Exercise instructions => The records that follow are to be repeated exactly, in full.

Dataset excerpts:
= Beginning of Section =

lemma path_bad_nbr_witness:
  assumes "path_bad_nbr E F P w i"
  shows "\<exists>j. j < length P \<and> (Suc j = i \<or> j = Suc i) \<and> incompatible F {w, P ! i} {P ! i, P ! j}"
proof -
  consider "i < length P" "0 < i" "incompatible F {w, P ! i} {P ! i, P ! (i - 1)}"
    | "Suc i < length P" "incompatible F {w, P ! i} {P ! i, P ! Suc i}"
    using assms unfolding path_bad_nbr_def by blast
  then show ?thesis
  proof cases
    case 1
    then show ?thesis
      by (intro exI[of _ "i - 1"]) auto
  next
    case 2
    then show ?thesis
      by (intro exI[of _ "Suc i"]) auto
  qed
qed

lemma card_path_bad_nbr_le:
  assumes sg: "simple_graph V E" and sys: "incompat_system V E F"
    and bd: "bounded_system V E F D" and "D \<ge> 0"
    and P: "is_path V E P" and i: "i < length P"
  shows "real (card {w\<in>V. path_bad_nbr E F P w i}) \<le> 2 * D"
proof -
  let ?Fs = "{{P ! i, P ! j} | j. j < length P \<and> (Suc j = i \<or> j = Suc i)}"
  have vV: "P ! i \<in> V"
    using P i unfolding is_path_def by auto
  have "{P ! i, P ! j} \<in> E" if "j < length P" "Suc j = i \<or> j = Suc i" for j
  proof -
    have "\<forall>k. Suc k < length P \<longrightarrow> {P ! k, P ! Suc k} \<in> E"
      using P unfolding is_path_def by blast
    then show ?thesis
      using that i by (auto simp: insert_commute)
  qed
  then have edges: "\<forall>f\<in>?Fs. f \<in> E \<and> P ! i \<in> f"
    by blast
  have "?Fs \<subseteq> {{P ! i, P ! (i - 1)}, {P ! i, P ! Suc i}}"
    by auto
  then have "card ?Fs \<le> card {{P ! i, P ! (i - 1)}, {P ! i, P ! Suc i}}"
    by (rule card_mono[rotated]) simp
  also have "\<dots> \<le> 2"
    by (simp add: card_insert_if)
  finally have card_Fs: "real (card ?Fs) \<le> 2"
    by simp
  have fin_Fs: "finite ?Fs"
    using finite_subset[OF _ simple_graph_finite_edges[OF sg]] edges by blast
  have "{w\<in>V. path_bad_nbr E F P w i}
          \<subseteq> {w\<in>V. {w, P ! i} \<in> E \<and> (\<exists>f\<in>?Fs. incompatible F {w, P ! i} f)}"
  proof safe
    fix w assume "path_bad_nbr E F P w i"
    then obtain j where "j < length P" "Suc j = i \<or> j = Suc i"
      "incompatible F {w, P ! i} {P ! i, P ! j}"
      using path_bad_nbr_witness[of E F P w i] by blast
    then show "\<exists>f\<in>?Fs. incompatible F {w, P ! i} f"
      by (intro bexI[of _ "{P ! i, P ! j}"]) auto
  qed (auto simp: path_bad_nbr_def)
  then have "real (card {w\<in>V. path_bad_nbr E F P w i})
               \<le> real (card {w\<in>V. {w, P ! i} \<in> E \<and> (\<exists>f\<in>?Fs. incompatible F {w, P ! i} f)})"
    using sg unfolding simple_graph_def by (simp add: card_mono)
  also have "\<dots> \<le> real (card ?Fs) * D"
    by (rule card_incompatible_with_edges_le[OF sg sys bd vV fin_Fs edges])
  also have "\<dots> \<le> 2 * D"
    using card_Fs \<open>D \<ge> 0\<close> by (rule mult_right_mono)
  finally show ?thesis .
qed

= End of Section =

Written answer =>
lemma path_bad_nbr_witness:
  assumes "path_bad_nbr E F P w i"
  shows "\<exists>j. j < length P \<and> (Suc j = i \<or> j = Suc i) \<and> incompatible F {w, P ! i} {P ! i, P ! j}"
proof -
  consider "i < length P" "0 < i" "incompatible F {w, P ! i} {P ! i, P ! (i - 1)}"
    | "Suc i < length P" "incompatible F {w, P ! i} {P ! i, P ! Suc i}"
    using assms unfolding path_bad_nbr_def by blast
  then show ?thesis
  proof cases
    case 1
    then show ?thesis
      by (intro exI[of _ "i - 1"]) auto
  next
    case 2
    then show ?thesis
      by (intro exI[of _ "Suc i"]) auto
  qed
qed

lemma card_path_bad_nbr_le:
  assumes sg: "simple_graph V E" and sys: "incompat_system V E F"
    and bd: "bounded_system V E F D" and "D \<ge> 0"
    and P: "is_path V E P" and i: "i < length P"
  shows "real (card {w\<in>V. path_bad_nbr E F P w i}) \<le> 2 * D"
proof -
  let ?Fs = "{{P ! i, P ! j} | j. j < length P \<and> (Suc j = i \<or> j = Suc i)}"
  have vV: "P ! i \<in> V"
    using P i unfolding is_path_def by auto
  have "{P ! i, P ! j} \<in> E" if "j < length P" "Suc j = i \<or> j = Suc i" for j
  proof -
    have "\<forall>k. Suc k < length P \<longrightarrow> {P ! k, P ! Suc k} \<in> E"
      using P unfolding is_path_def by blast
    then show ?thesis
      using that i by (auto simp: insert_commute)
  qed
  then have edges: "\<forall>f\<in>?Fs. f \<in> E \<and> P ! i \<in> f"
    by blast
  have "?Fs \<subseteq> {{P ! i, P ! (i - 1)}, {P ! i, P ! Suc i}}"
    by auto
  then have "card ?Fs \<le> card {{P ! i, P ! (i - 1)}, {P ! i, P ! Suc i}}"
    by (rule card_mono[rotated]) simp
  also have "\<dots> \<le> 2"
    by (simp add: card_insert_if)
  finally have card_Fs: "real (card ?Fs) \<le> 2"
    by simp
  have fin_Fs: "finite ?Fs"
    using finite_subset[OF _ simple_graph_finite_edges[OF sg]] edges by blast
  have "{w\<in>V. path_bad_nbr E F P w i}
          \<subseteq> {w\<in>V. {w, P ! i} \<in> E \<and> (\<exists>f\<in>?Fs. incompatible F {w, P ! i} f)}"
  proof safe
    fix w assume "path_bad_nbr E F P w i"
    then obtain j where "j < length P" "Suc j = i \<or> j = Suc i"
      "incompatible F {w, P ! i} {P ! i, P ! j}"
      using path_bad_nbr_witness[of E F P w i] by blast
    then show "\<exists>f\<in>?Fs. incompatible F {w, P ! i} f"
      by (intro bexI[of _ "{P ! i, P ! j}"]) auto
  qed (auto simp: path_bad_nbr_def)
  then have "real (card {w\<in>V. path_bad_nbr E F P w i})
               \<le> real (card {w\<in>V. {w, P ! i} \<in> E \<and> (\<exists>f\<in>?Fs. incompatible F {w, P ! i} f)})"
    using sg unfolding simple_graph_def by (simp add: card_mono)
  also have "\<dots> \<le> real (card ?Fs) * D"
    by (rule card_incompatible_with_edges_le[OF sg sys bd vV fin_Fs edges])
  also have "\<dots> \<le> 2 * D"
    using card_Fs \<open>D \<ge> 0\<close> by (rule mult_right_mono)
  finally show ?thesis .
qed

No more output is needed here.